- [How to complete this task]
The records are given next. Repeat each one exactly.

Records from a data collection
------------------------------------

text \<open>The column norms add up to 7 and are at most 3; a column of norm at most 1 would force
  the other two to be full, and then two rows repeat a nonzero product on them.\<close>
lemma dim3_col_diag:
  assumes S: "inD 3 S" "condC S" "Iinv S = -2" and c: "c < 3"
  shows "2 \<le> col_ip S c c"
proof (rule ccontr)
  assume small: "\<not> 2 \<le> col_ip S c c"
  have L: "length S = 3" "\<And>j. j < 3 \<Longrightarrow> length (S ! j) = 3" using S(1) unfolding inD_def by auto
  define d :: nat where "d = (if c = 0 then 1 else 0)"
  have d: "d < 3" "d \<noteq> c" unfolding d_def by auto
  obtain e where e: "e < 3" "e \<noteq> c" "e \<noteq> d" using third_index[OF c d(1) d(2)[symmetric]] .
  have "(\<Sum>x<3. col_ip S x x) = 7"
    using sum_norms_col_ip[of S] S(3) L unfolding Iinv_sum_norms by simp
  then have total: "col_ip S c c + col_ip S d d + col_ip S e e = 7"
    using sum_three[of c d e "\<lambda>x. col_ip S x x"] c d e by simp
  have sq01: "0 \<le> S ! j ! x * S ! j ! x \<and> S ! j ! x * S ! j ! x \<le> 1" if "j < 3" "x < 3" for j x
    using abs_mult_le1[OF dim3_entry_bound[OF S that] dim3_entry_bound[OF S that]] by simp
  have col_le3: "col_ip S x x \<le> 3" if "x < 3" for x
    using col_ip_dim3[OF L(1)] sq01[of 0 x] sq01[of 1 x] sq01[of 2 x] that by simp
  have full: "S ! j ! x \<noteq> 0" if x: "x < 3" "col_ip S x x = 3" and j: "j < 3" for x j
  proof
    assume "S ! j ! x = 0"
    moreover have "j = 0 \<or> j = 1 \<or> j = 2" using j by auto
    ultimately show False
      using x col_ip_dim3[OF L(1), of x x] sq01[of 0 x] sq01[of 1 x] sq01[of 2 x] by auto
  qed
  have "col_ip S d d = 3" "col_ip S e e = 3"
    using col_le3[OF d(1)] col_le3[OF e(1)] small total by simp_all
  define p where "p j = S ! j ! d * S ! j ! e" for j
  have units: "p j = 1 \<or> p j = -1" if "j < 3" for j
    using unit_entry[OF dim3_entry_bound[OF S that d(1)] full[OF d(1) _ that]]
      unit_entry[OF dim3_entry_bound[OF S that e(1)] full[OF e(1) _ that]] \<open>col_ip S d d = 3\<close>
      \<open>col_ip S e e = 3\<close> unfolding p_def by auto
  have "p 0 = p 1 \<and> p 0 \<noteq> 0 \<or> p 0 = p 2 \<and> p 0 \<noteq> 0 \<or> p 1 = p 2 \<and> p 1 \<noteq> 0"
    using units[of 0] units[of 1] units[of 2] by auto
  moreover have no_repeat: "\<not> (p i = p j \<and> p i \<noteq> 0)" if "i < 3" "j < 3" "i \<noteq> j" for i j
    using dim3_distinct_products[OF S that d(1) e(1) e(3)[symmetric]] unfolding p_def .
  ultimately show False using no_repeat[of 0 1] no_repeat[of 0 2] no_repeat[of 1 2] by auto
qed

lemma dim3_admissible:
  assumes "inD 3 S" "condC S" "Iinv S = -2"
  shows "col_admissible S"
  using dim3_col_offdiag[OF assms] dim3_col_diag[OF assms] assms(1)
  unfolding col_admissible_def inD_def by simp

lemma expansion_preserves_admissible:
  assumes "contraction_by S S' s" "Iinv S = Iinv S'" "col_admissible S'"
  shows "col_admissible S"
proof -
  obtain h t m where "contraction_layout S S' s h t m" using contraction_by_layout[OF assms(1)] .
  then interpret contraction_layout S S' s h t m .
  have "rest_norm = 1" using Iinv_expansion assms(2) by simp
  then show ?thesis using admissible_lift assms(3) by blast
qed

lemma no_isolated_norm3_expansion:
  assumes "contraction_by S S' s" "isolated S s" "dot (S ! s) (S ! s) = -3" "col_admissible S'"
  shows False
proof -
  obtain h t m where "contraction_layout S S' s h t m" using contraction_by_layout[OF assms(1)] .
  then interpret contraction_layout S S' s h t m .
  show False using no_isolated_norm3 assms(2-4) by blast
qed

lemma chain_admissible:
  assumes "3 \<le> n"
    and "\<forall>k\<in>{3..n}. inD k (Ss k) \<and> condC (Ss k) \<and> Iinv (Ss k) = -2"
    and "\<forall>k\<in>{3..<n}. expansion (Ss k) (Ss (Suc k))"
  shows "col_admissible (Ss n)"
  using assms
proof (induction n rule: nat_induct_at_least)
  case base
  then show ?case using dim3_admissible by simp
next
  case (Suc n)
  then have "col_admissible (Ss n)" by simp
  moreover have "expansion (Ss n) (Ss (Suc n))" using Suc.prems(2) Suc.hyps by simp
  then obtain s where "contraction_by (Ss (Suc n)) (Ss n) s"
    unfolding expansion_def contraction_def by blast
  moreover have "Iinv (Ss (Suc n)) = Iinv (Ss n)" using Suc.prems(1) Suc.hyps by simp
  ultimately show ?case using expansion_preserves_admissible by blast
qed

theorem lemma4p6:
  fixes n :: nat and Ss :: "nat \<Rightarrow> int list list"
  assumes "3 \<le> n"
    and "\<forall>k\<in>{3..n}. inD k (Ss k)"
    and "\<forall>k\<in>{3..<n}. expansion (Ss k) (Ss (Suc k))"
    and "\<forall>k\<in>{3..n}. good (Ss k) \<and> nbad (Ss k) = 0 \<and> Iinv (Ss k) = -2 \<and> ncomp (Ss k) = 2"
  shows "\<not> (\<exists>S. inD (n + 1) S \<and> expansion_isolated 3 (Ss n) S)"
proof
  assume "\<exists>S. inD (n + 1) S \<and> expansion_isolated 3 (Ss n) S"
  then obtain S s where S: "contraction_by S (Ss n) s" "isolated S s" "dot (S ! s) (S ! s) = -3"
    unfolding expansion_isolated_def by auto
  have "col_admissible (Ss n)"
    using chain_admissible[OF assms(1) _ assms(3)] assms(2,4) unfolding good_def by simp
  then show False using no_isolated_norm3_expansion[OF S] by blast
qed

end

------------------------------------

- [Exercise result]
text \<open>The column norms add up to 7 and are at most 3; a column of norm at most 1 would force
  the other two to be full, and then two rows repeat a nonzero product on them.\<close>
lemma dim3_col_diag:
  assumes S: "inD 3 S" "condC S" "Iinv S = -2" and c: "c < 3"
  shows "2 \<le> col_ip S c c"
proof (rule ccontr)
  assume small: "\<not> 2 \<le> col_ip S c c"
  have L: "length S = 3" "\<And>j. j < 3 \<Longrightarrow> length (S ! j) = 3" using S(1) unfolding inD_def by auto
  define d :: nat where "d = (if c = 0 then 1 else 0)"
  have d: "d < 3" "d \<noteq> c" unfolding d_def by auto
  obtain e where e: "e < 3" "e \<noteq> c" "e \<noteq> d" using third_index[OF c d(1) d(2)[symmetric]] .
  have "(\<Sum>x<3. col_ip S x x) = 7"
    using sum_norms_col_ip[of S] S(3) L unfolding Iinv_sum_norms by simp
  then have total: "col_ip S c c + col_ip S d d + col_ip S e e = 7"
    using sum_three[of c d e "\<lambda>x. col_ip S x x"] c d e by simp
  have sq01: "0 \<le> S ! j ! x * S ! j ! x \<and> S ! j ! x * S ! j ! x \<le> 1" if "j < 3" "x < 3" for j x
    using abs_mult_le1[OF dim3_entry_bound[OF S that] dim3_entry_bound[OF S that]] by simp
  have col_le3: "col_ip S x x \<le> 3" if "x < 3" for x
    using col_ip_dim3[OF L(1)] sq01[of 0 x] sq01[of 1 x] sq01[of 2 x] that by simp
  have full: "S ! j ! x \<noteq> 0" if x: "x < 3" "col_ip S x x = 3" and j: "j < 3" for x j
  proof
    assume "S ! j ! x = 0"
    moreover have "j = 0 \<or> j = 1 \<or> j = 2" using j by auto
    ultimately show False
      using x col_ip_dim3[OF L(1), of x x] sq01[of 0 x] sq01[of 1 x] sq01[of 2 x] by auto
  qed
  have "col_ip S d d = 3" "col_ip S e e = 3"
    using col_le3[OF d(1)] col_le3[OF e(1)] small total by simp_all
  define p where "p j = S ! j ! d * S ! j ! e" for j
  have units: "p j = 1 \<or> p j = -1" if "j < 3" for j
    using unit_entry[OF dim3_entry_bound[OF S that d(1)] full[OF d(1) _ that]]
      unit_entry[OF dim3_entry_bound[OF S that e(1)] full[OF e(1) _ that]] \<open>col_ip S d d = 3\<close>
      \<open>col_ip S e e = 3\<close> unfolding p_def by auto
  have "p 0 = p 1 \<and> p 0 \<noteq> 0 \<or> p 0 = p 2 \<and> p 0 \<noteq> 0 \<or> p 1 = p 2 \<and> p 1 \<noteq> 0"
    using units[of 0] units[of 1] units[of 2] by auto
  moreover have no_repeat: "\<not> (p i = p j \<and> p i \<noteq> 0)" if "i < 3" "j < 3" "i \<noteq> j" for i j
    using dim3_distinct_products[OF S that d(1) e(1) e(3)[symmetric]] unfolding p_def .
  ultimately show False using no_repeat[of 0 1] no_repeat[of 0 2] no_repeat[of 1 2] by auto
qed

lemma dim3_admissible:
  assumes "inD 3 S" "condC S" "Iinv S = -2"
  shows "col_admissible S"
  using dim3_col_offdiag[OF assms] dim3_col_diag[OF assms] assms(1)
  unfolding col_admissible_def inD_def by simp

lemma expansion_preserves_admissible:
  assumes "contraction_by S S' s" "Iinv S = Iinv S'" "col_admissible S'"
  shows "col_admissible S"
proof -
  obtain h t m where "contraction_layout S S' s h t m" using contraction_by_layout[OF assms(1)] .
  then interpret contraction_layout S S' s h t m .
  have "rest_norm = 1" using Iinv_expansion assms(2) by simp
  then show ?thesis using admissible_lift assms(3) by blast
qed

lemma no_isolated_norm3_expansion:
  assumes "contraction_by S S' s" "isolated S s" "dot (S ! s) (S ! s) = -3" "col_admissible S'"
  shows False
proof -
  obtain h t m where "contraction_layout S S' s h t m" using contraction_by_layout[OF assms(1)] .
  then interpret contraction_layout S S' s h t m .
  show False using no_isolated_norm3 assms(2-4) by blast
qed

lemma chain_admissible:
  assumes "3 \<le> n"
    and "\<forall>k\<in>{3..n}. inD k (Ss k) \<and> condC (Ss k) \<and> Iinv (Ss k) = -2"
    and "\<forall>k\<in>{3..<n}. expansion (Ss k) (Ss (Suc k))"
  shows "col_admissible (Ss n)"
  using assms
proof (induction n rule: nat_induct_at_least)
  case base
  then show ?case using dim3_admissible by simp
next
  case (Suc n)
  then have "col_admissible (Ss n)" by simp
  moreover have "expansion (Ss n) (Ss (Suc n))" using Suc.prems(2) Suc.hyps by simp
  then obtain s where "contraction_by (Ss (Suc n)) (Ss n) s"
    unfolding expansion_def contraction_def by blast
  moreover have "Iinv (Ss (Suc n)) = Iinv (Ss n)" using Suc.prems(1) Suc.hyps by simp
  ultimately show ?case using expansion_preserves_admissible by blast
qed

theorem lemma4p6:
  fixes n :: nat and Ss :: "nat \<Rightarrow> int list list"
  assumes "3 \<le> n"
    and "\<forall>k\<in>{3..n}. inD k (Ss k)"
    and "\<forall>k\<in>{3..<n}. expansion (Ss k) (Ss (Suc k))"
    and "\<forall>k\<in>{3..n}. good (Ss k) \<and> nbad (Ss k) = 0 \<and> Iinv (Ss k) = -2 \<and> ncomp (Ss k) = 2"
  shows "\<not> (\<exists>S. inD (n + 1) S \<and> expansion_isolated 3 (Ss n) S)"
proof
  assume "\<exists>S. inD (n + 1) S \<and> expansion_isolated 3 (Ss n) S"
  then obtain S s where S: "contraction_by S (Ss n) s" "isolated S s" "dot (S ! s) (S ! s) = -3"
    unfolding expansion_isolated_def by auto
  have "col_admissible (Ss n)"
    using chain_admissible[OF assms(1) _ assms(3)] assms(2,4) unfolding good_def by simp
  then show False using no_isolated_norm3_expansion[OF S] by blast
qed

end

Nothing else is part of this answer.